··· Materials provided ···
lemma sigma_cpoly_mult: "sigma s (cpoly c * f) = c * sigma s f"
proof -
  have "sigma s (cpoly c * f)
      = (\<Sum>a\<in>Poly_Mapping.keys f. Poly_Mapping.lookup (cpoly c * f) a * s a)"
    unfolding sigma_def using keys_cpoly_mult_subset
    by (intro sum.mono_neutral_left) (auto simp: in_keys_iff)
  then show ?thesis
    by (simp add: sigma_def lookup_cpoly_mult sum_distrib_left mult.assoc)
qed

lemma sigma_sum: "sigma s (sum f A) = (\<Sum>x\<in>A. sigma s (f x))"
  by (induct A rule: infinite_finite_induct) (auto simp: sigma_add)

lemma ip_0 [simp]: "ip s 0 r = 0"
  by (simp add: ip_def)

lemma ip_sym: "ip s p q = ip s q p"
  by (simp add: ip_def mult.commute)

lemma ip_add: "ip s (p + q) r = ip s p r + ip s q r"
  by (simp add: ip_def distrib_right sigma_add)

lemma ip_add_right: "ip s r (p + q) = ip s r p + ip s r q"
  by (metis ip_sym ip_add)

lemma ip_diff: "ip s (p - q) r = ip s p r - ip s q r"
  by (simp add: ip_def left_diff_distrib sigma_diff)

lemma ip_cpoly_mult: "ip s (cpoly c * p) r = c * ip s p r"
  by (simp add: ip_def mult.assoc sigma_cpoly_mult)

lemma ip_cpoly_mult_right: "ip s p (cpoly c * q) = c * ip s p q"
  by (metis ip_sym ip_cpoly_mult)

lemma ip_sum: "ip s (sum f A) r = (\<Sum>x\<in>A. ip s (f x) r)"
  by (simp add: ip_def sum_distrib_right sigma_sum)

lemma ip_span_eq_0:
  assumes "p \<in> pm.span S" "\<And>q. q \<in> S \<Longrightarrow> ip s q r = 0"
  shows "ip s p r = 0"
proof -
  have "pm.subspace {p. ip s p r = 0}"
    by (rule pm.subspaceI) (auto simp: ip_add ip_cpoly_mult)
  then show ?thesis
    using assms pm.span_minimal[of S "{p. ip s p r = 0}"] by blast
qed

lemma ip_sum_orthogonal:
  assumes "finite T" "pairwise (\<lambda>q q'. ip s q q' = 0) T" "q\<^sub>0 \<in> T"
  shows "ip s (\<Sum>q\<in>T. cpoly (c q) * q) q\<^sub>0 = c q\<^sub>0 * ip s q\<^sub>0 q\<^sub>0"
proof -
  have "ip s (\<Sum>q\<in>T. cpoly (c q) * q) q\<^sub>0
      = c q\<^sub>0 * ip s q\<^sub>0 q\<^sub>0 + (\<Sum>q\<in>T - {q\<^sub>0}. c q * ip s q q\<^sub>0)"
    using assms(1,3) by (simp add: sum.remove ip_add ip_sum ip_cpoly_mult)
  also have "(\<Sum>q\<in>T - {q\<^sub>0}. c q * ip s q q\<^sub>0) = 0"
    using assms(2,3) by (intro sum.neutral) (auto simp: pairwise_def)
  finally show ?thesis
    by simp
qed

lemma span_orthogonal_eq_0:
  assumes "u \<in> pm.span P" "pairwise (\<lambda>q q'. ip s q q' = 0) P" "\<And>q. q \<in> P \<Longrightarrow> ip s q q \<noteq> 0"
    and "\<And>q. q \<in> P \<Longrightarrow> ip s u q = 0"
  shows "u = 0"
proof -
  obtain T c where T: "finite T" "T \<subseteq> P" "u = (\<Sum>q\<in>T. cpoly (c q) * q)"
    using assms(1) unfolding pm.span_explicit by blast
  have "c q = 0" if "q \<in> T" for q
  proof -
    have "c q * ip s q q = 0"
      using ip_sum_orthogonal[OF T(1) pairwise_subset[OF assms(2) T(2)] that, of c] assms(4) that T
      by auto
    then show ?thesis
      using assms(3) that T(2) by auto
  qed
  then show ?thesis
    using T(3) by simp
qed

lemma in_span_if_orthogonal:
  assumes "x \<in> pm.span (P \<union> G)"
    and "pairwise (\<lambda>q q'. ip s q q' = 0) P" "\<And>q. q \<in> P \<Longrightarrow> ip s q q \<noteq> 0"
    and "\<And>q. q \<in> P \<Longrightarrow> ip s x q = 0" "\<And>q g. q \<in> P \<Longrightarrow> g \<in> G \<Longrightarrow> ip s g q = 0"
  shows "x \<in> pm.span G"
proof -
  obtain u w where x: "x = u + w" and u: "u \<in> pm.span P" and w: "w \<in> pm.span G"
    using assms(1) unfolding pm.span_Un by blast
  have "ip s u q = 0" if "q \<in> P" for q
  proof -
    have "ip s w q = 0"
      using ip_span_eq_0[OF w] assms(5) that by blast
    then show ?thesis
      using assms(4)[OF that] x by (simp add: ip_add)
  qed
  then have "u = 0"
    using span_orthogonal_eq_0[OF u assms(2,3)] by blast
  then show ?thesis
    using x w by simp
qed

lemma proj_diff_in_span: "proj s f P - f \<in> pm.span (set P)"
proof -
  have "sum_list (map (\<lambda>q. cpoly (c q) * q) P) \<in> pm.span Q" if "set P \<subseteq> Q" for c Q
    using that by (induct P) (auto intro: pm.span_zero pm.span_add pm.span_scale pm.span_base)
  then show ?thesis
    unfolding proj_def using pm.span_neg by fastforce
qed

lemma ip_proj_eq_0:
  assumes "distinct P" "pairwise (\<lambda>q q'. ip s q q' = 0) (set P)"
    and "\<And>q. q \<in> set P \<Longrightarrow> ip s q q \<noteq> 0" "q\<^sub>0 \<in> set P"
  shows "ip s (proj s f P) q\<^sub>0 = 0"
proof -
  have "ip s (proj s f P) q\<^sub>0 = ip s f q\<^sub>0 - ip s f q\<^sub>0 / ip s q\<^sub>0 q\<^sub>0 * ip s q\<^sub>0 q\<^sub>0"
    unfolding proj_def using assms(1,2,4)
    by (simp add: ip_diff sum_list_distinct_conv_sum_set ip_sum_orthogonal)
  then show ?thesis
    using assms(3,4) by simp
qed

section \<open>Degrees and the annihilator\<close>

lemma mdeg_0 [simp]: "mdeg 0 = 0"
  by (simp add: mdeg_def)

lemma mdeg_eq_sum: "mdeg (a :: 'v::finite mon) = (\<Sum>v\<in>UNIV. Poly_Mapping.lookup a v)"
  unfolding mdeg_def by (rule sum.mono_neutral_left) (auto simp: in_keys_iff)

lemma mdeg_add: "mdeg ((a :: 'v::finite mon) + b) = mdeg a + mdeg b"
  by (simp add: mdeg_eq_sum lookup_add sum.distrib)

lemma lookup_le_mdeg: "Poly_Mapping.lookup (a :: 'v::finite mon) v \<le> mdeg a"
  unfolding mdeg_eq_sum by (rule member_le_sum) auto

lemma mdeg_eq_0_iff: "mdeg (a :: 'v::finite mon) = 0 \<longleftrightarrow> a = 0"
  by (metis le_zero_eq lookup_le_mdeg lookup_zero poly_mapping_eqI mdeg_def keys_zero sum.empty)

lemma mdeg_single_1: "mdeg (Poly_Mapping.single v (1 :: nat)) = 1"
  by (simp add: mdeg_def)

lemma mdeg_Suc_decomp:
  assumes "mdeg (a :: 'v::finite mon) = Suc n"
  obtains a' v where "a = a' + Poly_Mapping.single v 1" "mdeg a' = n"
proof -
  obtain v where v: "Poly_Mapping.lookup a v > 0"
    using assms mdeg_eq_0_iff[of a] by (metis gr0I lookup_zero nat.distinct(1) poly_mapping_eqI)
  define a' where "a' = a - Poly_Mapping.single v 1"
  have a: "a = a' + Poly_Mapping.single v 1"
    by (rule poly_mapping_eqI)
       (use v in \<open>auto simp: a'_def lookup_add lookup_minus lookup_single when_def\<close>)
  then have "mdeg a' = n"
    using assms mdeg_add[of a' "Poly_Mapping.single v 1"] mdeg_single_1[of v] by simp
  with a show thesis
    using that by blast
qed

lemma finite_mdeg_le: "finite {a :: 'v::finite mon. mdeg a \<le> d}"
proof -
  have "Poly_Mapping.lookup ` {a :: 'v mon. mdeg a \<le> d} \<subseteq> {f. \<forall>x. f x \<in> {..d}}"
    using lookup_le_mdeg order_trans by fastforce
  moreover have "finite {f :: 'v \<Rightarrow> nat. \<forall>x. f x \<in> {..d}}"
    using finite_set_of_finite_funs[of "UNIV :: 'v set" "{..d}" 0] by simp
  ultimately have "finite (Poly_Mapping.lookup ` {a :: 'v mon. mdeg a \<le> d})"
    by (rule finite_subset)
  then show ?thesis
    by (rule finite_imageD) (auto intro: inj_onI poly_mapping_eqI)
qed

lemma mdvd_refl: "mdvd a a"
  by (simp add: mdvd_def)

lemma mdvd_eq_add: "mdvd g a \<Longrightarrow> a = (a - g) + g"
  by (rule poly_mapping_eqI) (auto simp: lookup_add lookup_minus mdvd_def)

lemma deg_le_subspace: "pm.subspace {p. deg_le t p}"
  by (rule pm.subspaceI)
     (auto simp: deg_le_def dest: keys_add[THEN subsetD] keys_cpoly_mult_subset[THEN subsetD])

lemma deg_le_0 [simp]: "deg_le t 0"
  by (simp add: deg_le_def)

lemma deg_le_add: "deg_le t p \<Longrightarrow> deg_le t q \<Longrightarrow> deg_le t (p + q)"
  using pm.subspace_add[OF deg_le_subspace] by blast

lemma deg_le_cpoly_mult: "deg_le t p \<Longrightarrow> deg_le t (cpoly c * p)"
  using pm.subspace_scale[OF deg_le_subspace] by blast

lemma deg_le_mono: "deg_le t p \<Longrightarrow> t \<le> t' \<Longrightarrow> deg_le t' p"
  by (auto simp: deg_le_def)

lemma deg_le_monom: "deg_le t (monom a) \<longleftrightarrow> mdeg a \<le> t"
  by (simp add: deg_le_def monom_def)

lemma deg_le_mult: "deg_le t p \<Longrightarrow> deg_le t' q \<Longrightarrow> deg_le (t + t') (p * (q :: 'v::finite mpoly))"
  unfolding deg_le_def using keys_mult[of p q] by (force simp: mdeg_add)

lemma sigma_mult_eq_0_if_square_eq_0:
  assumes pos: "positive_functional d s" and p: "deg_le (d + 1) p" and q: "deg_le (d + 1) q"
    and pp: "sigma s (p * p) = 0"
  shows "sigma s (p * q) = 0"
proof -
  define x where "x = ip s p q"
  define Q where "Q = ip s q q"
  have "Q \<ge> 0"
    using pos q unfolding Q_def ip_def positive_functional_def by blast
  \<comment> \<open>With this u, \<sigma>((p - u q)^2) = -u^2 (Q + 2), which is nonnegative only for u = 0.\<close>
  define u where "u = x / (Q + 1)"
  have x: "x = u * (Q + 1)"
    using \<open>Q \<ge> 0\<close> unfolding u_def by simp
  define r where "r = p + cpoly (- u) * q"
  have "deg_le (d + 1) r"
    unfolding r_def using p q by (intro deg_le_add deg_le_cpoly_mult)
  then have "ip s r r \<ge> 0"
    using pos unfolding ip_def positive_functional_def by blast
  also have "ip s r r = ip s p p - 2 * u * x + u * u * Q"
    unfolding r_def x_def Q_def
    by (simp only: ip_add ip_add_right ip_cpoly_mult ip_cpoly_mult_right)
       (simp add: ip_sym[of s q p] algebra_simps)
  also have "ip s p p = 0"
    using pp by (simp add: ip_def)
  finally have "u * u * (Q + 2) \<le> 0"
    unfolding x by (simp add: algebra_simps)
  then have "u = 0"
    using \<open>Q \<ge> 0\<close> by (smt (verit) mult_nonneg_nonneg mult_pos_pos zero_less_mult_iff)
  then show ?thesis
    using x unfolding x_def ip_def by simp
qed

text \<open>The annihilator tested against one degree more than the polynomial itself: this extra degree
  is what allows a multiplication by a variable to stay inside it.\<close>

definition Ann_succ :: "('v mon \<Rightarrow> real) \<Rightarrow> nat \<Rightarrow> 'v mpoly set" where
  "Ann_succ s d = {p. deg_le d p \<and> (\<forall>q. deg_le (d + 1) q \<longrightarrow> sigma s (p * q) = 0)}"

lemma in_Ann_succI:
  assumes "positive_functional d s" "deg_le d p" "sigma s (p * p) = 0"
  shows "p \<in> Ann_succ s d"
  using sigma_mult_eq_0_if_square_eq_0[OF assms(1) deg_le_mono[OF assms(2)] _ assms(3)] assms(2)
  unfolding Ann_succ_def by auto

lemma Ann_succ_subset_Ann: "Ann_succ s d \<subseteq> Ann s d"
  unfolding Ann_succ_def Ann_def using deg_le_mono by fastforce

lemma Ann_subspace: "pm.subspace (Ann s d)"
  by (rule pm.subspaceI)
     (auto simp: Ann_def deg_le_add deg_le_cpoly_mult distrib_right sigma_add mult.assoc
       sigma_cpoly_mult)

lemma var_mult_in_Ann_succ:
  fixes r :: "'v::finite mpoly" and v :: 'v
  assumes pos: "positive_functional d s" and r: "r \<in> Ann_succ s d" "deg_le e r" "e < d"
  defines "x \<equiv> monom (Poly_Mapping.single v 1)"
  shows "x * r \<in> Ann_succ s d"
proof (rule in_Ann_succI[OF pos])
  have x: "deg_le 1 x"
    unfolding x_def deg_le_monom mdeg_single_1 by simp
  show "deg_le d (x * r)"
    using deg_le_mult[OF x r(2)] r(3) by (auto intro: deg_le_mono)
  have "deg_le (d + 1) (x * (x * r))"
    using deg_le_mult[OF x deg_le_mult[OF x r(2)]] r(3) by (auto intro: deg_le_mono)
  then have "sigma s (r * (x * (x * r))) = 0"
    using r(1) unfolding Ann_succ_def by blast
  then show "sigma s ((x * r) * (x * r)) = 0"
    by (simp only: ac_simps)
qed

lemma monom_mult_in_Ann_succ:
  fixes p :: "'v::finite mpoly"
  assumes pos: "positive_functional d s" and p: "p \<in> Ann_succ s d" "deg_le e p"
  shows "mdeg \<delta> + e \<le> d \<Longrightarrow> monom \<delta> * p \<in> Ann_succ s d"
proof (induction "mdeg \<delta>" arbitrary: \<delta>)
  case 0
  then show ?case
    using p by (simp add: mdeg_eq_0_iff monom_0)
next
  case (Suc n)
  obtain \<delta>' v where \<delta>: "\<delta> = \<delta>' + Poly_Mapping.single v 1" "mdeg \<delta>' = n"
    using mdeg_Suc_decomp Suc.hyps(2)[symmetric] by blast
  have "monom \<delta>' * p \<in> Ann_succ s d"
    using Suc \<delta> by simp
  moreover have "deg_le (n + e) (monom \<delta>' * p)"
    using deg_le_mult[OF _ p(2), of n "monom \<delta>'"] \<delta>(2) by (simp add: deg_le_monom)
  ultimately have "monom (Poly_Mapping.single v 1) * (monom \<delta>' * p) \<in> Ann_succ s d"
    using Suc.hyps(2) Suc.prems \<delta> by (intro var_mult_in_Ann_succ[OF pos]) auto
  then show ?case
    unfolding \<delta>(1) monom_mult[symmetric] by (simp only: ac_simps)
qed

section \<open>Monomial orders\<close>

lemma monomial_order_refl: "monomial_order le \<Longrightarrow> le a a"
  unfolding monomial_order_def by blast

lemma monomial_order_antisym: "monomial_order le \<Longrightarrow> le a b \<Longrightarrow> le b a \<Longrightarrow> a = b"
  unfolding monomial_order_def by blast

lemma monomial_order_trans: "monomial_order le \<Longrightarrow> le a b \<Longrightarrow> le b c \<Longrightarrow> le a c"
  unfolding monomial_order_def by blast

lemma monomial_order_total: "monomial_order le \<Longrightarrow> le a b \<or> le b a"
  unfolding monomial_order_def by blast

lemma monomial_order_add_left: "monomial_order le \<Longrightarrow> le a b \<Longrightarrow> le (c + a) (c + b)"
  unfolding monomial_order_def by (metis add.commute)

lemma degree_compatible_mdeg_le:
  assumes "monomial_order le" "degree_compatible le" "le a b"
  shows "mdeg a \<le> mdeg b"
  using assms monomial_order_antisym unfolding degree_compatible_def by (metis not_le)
···
## What is needed
In the listing above, the lines from the one containing "using pm.subspace_add[OF deg_le_subspace]" through the one containing "(simp add: ip_sym[of" must be set down exactly, with no other lines.

## Your solution
  using pm.subspace_add[OF deg_le_subspace] by blast

lemma deg_le_cpoly_mult: "deg_le t p \<Longrightarrow> deg_le t (cpoly c * p)"
  using pm.subspace_scale[OF deg_le_subspace] by blast

lemma deg_le_mono: "deg_le t p \<Longrightarrow> t \<le> t' \<Longrightarrow> deg_le t' p"
  by (auto simp: deg_le_def)

lemma deg_le_monom: "deg_le t (monom a) \<longleftrightarrow> mdeg a \<le> t"
  by (simp add: deg_le_def monom_def)

lemma deg_le_mult: "deg_le t p \<Longrightarrow> deg_le t' q \<Longrightarrow> deg_le (t + t') (p * (q :: 'v::finite mpoly))"
  unfolding deg_le_def using keys_mult[of p q] by (force simp: mdeg_add)

lemma sigma_mult_eq_0_if_square_eq_0:
  assumes pos: "positive_functional d s" and p: "deg_le (d + 1) p" and q: "deg_le (d + 1) q"
    and pp: "sigma s (p * p) = 0"
  shows "sigma s (p * q) = 0"
proof -
  define x where "x = ip s p q"
  define Q where "Q = ip s q q"
  have "Q \<ge> 0"
    using pos q unfolding Q_def ip_def positive_functional_def by blast
  \<comment> \<open>With this u, \<sigma>((p - u q)^2) = -u^2 (Q + 2), which is nonnegative only for u = 0.\<close>
  define u where "u = x / (Q + 1)"
  have x: "x = u * (Q + 1)"
    using \<open>Q \<ge> 0\<close> unfolding u_def by simp
  define r where "r = p + cpoly (- u) * q"
  have "deg_le (d + 1) r"
    unfolding r_def using p q by (intro deg_le_add deg_le_cpoly_mult)
  then have "ip s r r \<ge> 0"
    using pos unfolding ip_def positive_functional_def by blast
  also have "ip s r r = ip s p p - 2 * u * x + u * u * Q"
    unfolding r_def x_def Q_def
    by (simp only: ip_add ip_add_right ip_cpoly_mult ip_cpoly_mult_right)
       (simp add: ip_sym[of s q p] algebra_simps)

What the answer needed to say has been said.